/snek-two

Primary LanguageC++MIT LicenseMIT

snek-two

Winner of Battlesnake 2018 Advanced Division. This is a complete rewrite based on things learned from a first attempt of writing a C++ snake for Battlesnake 2017. This time the focus was on building a good base of data structures to keep the state of the game. In addition we wanted to be able to simulate games locally for testing and training. Finally, by providing a good base of data structures with well defined interfaces writing various algorithms becomes a much easier process, something that was much harder in the first version.

General Overview

The snake uses the minimax with alpha-beta pruning to make all of its decisions. A heuristic function is used to evaluate every game state. The heuristic function takes multiple weights to balance the terms of the heuristic function which are tuned by a genetic algorithm and then were hand tuned based on perceived flaws.

Heuristic Function

The heuristic function is a points system used to score the current state of the board for a snake. Its range is the the maximum and minimum of the double type in C++. Right away we can return the minimum if we are dead in this state and the maximum if we are a winner. Otherwise, we used two main heuristics to evaluate a game state: how close we are to food in relation with our health and the number of squares we own.

Food

Food is found by using Breadth first search. From there we can use the size of the path to get distance to this food. It is obvious that food and health is related. In principle we probably do not want to eat food when we have high health and do want to eat food when we are low health. We decided to simply minus the length to the closest food from our health and then use a arctan function with two weights to get a score.
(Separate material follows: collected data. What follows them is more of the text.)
lemma tendsto_diff_quotient_linear_constraint:
  fixes X :: "nat \<Rightarrow> nat \<Rightarrow> 'a::real_normed_field"
  assumes "\<And>i. (\<lambda>k. (X k i - L i) / e k) \<longlonglongrightarrow> d i"
    and "\<And>k. (\<Sum>i<q. w i * X k (p + i)) = c" "(\<Sum>i<q. w i * L (p + i)) = c"
  shows "(\<Sum>i<q. w i * d (p + i)) = 0"
proof -
  have "(\<lambda>k. \<Sum>i<q. w i * ((X k (p + i) - L (p + i)) / e k)) \<longlonglongrightarrow> (\<Sum>i<q. w i * d (p + i))"
    using assms(1) by (intro tendsto_intros)
  moreover have "(\<Sum>i<q. w i * ((X k (p + i) - L (p + i)) / e k))
      = ((\<Sum>i<q. w i * X k (p + i)) - (\<Sum>i<q. w i * L (p + i))) / e k" for k
    by (simp add: sum_divide_distrib sum_subtractf right_diff_distrib diff_divide_distrib)
  ultimately show ?thesis
    using assms(2,3) by (simp add: LIMSEQ_const_iff)
qed

definition l1_norm :: "nat \<Rightarrow> (nat \<Rightarrow> 'a::real_normed_vector) \<Rightarrow> real" where
  "l1_norm N x = (\<Sum>i<N. norm (x i))"

lemma tendsto_fun_iff:
  fixes X :: "'k \<Rightarrow> 'i \<Rightarrow> 'a::topological_space"
  shows "(X \<longlongrightarrow> L) F \<longleftrightarrow> (\<forall>i. ((\<lambda>k. X k i) \<longlongrightarrow> L i) F)"
  using limitin_componentwise[of "\<lambda>_. euclidean" UNIV X L F]
  by (simp add: euclidean_product_topology)

lemma compact_PiE_UNIV:
  fixes K :: "'i \<Rightarrow> 'a::topological_space set"
  assumes "\<And>i. compact (K i)"
  shows "compact (Pi\<^sub>E UNIV K)"
  using compactin_PiE[of "\<lambda>_. euclidean" UNIV K] assms
  by (simp add: euclidean_product_topology)

lemma continuous_on_coordinate [continuous_intros]:
  "continuous_on S (\<lambda>x :: 'i \<Rightarrow> 'a::topological_space. x i)"
  by (rule continuous_on_subset[OF continuous_on_product_coordinates]) simp

lemma tendsto_l1_norm:
  assumes "(X \<longlongrightarrow> L) F"
  shows "((\<lambda>k. l1_norm N (X k)) \<longlongrightarrow> l1_norm N L) F"
proof -
  have "((\<lambda>k. X k i) \<longlongrightarrow> L i) F" for i
    using assms by (simp add: tendsto_fun_iff)
  then show ?thesis
    unfolding l1_norm_def by (intro tendsto_sum tendsto_norm)
qed

lemma norm_le_l1_norm: "i < N \<Longrightarrow> norm (x i) \<le> l1_norm N x"
  unfolding l1_norm_def by (rule member_le_sum) auto

lemma l1_norm_pos:
  assumes "x \<noteq> (\<lambda>_. 0)" "\<And>i. N \<le> i \<Longrightarrow> x i = 0"
  shows "0 < l1_norm N x"
proof -
  obtain i where i: "x i \<noteq> 0"
    using assms(1) by auto
  then have "i < N"
    using assms(2) not_le by auto
  with i show ?thesis
    using norm_le_l1_norm[of i N x] by (meson less_le_trans zero_less_norm_iff)
qed

lemma l1_norm_eq_0_if_blocks_zero:
  assumes "\<And>i. i < r \<Longrightarrow> x i = 0" "\<And>k. k < s \<Longrightarrow> x (r + k) = 0"
  shows "l1_norm (r + s) x = 0"
proof -
  have "x i = 0" if "i < r + s" for i
  proof (cases "i < r")
    case False
    then have "i = r + (i - r)" "i - r < s"
      using that by auto
    then show ?thesis
      using assms(2) by metis
  qed (rule assms(1))
  then show ?thesis
    by (simp add: l1_norm_def)
qed

lemma normalized_convergent_subseq:
  fixes Y :: "nat \<Rightarrow> nat \<Rightarrow> 'a::euclidean_space"
  assumes "\<And>k. Y k \<noteq> (\<lambda>_. 0)" "\<And>k i. N \<le> i \<Longrightarrow> Y k i = 0"
  obtains h d where "strict_mono h"
    and "((\<lambda>k i. Y (h k) i /\<^sub>R l1_norm N (Y (h k))) \<longlongrightarrow> d) sequentially"
    and "l1_norm N d = 1"
proof -
  define V where "V k = (\<lambda>i. Y k i /\<^sub>R l1_norm N (Y k))" for k
  have pos: "0 < l1_norm N (Y k)" for k
    using assms by (rule l1_norm_pos)
  define K where "K i = (if i < N then cball 0 1 else {0 :: 'a})" for i
  have "compact (Pi\<^sub>E UNIV K)"
    by (rule compact_PiE_UNIV) (simp add: K_def)
  then have "seq_compact (Pi\<^sub>E UNIV K)"
    by (rule compact_imp_seq_compact)
  moreover have "\<forall>k. V k \<in> Pi\<^sub>E UNIV K"
  proof
    fix k
    have "norm (V k i) \<le> 1" if "i < N" for i
      using pos[of k] norm_le_l1_norm[OF that, of "Y k"] by (simp add: V_def field_simps)
    then show "V k \<in> Pi\<^sub>E UNIV K"
      using assms(2) by (auto simp: V_def K_def PiE_iff)
  qed
  ultimately obtain d h where "strict_mono h" and lim: "(V \<circ> h) \<longlonglongrightarrow> d"
    by (rule seq_compactE)
  have "l1_norm N (V k) = 1" for k
    using pos[of k] by (simp add: V_def l1_norm_def flip: sum_distrib_left)
  then have "(\<lambda>k. 1) \<longlonglongrightarrow> l1_norm N d"
    using tendsto_l1_norm[OF lim, of N] by (simp add: o_def)
  then have "l1_norm N d = 1"
    using LIMSEQ_const_iff by metis
  with \<open>strict_mono h\<close> lim show ?thesis
    by (intro that) (simp_all add: V_def o_def)
qed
The final equation was score = a * arctan((h - l) / b) where h is the current health, l is the path to nearest food and a and b are constants chosen by the genetic algorithm. The final weights for the constants was a = 68.60914 and b=8.51774.

Arc Tan

Voronoi

Voronoi is a concept that we read in a1k0n's post mortem for the Google AI lightbike challenge. Voronoi allows us to introduce a heuristic for maximizing the amount of points we can reach before anyone. It follows that we also minimize our opponents space which is extremely useful in lategame one on one, as well as surviving in multiopponent situations. A visualization from aik0n's blog post shows how it works.

Voronoi

Voronoi can easily implemented by doing BFS from the head of every snake one depth at a time. We score this heuristic by giving a point for every owned space and then multiplying by a constant as found by the genetic algorithm. In our case this constant was 7.60983.

Training

By building a test arena in C++ we were able to test different heuristics for our snake. We had four hyper parameters in our heuristic, and to converge to a solution faster we chose a genetic algorithm approach. We found a promising library in the form of GALGO. Unfortunately, GALGO performed a fitness function on each candidate independently. We had to modify the library to perform perform the fitness function evaluation on the population as a whole. Each candidate solution in the population was initialized into a snake game of other candidates as well as some basic snakes. These basic snakes were snakes that moved randomly and snakes that always ate the nearest food. The candidates where initialized as snakes without alpha-beta look ahead, moving only based on their heuristic. Each population ran the game 10 times.

Fitness Function

The fitness function was the average lifespan of each snake during the 10 games. There were many problems with this fitness. When running training the solution did not converge towards a single optimum. It would often regress in to a worse score over time. However, this is a flaw in the fitness function as time alive does not necessarily indicate the skill of a snake. For example, a snake that wins against its opponents extremely quickly would also have a low time alive in relation to other populations. A second approach based on rank was also tried. However, the problem with this approach is that it is very hard to understand if the genetic algorithm is converging to a global maximum. For example, a mid skill snake might dominate some low skill snakes a gain a high rank in its population, while a group high skill snake may have an average middle rank in a population of other high skill snakes. Even though our fitness function was flawed it still reduced the search space dramatically. We hand selected snakes that had high scores, observed their behaviour and analyzed their heuristic values before selecting the one used during the competition.

Building

After pulling the repository the submodules need to be pulled. This includes the Crow C++ Micro webserver, JSON for Modern C++, and GALGO genetic algorithm library.

git submodule init
git submodule update

Next Crow header file needs to be created.

cd crow/amalgamate 
python merge_all.py

Main Dependencies

This project uses the C++ Boost libraries and SDL2 for GUI.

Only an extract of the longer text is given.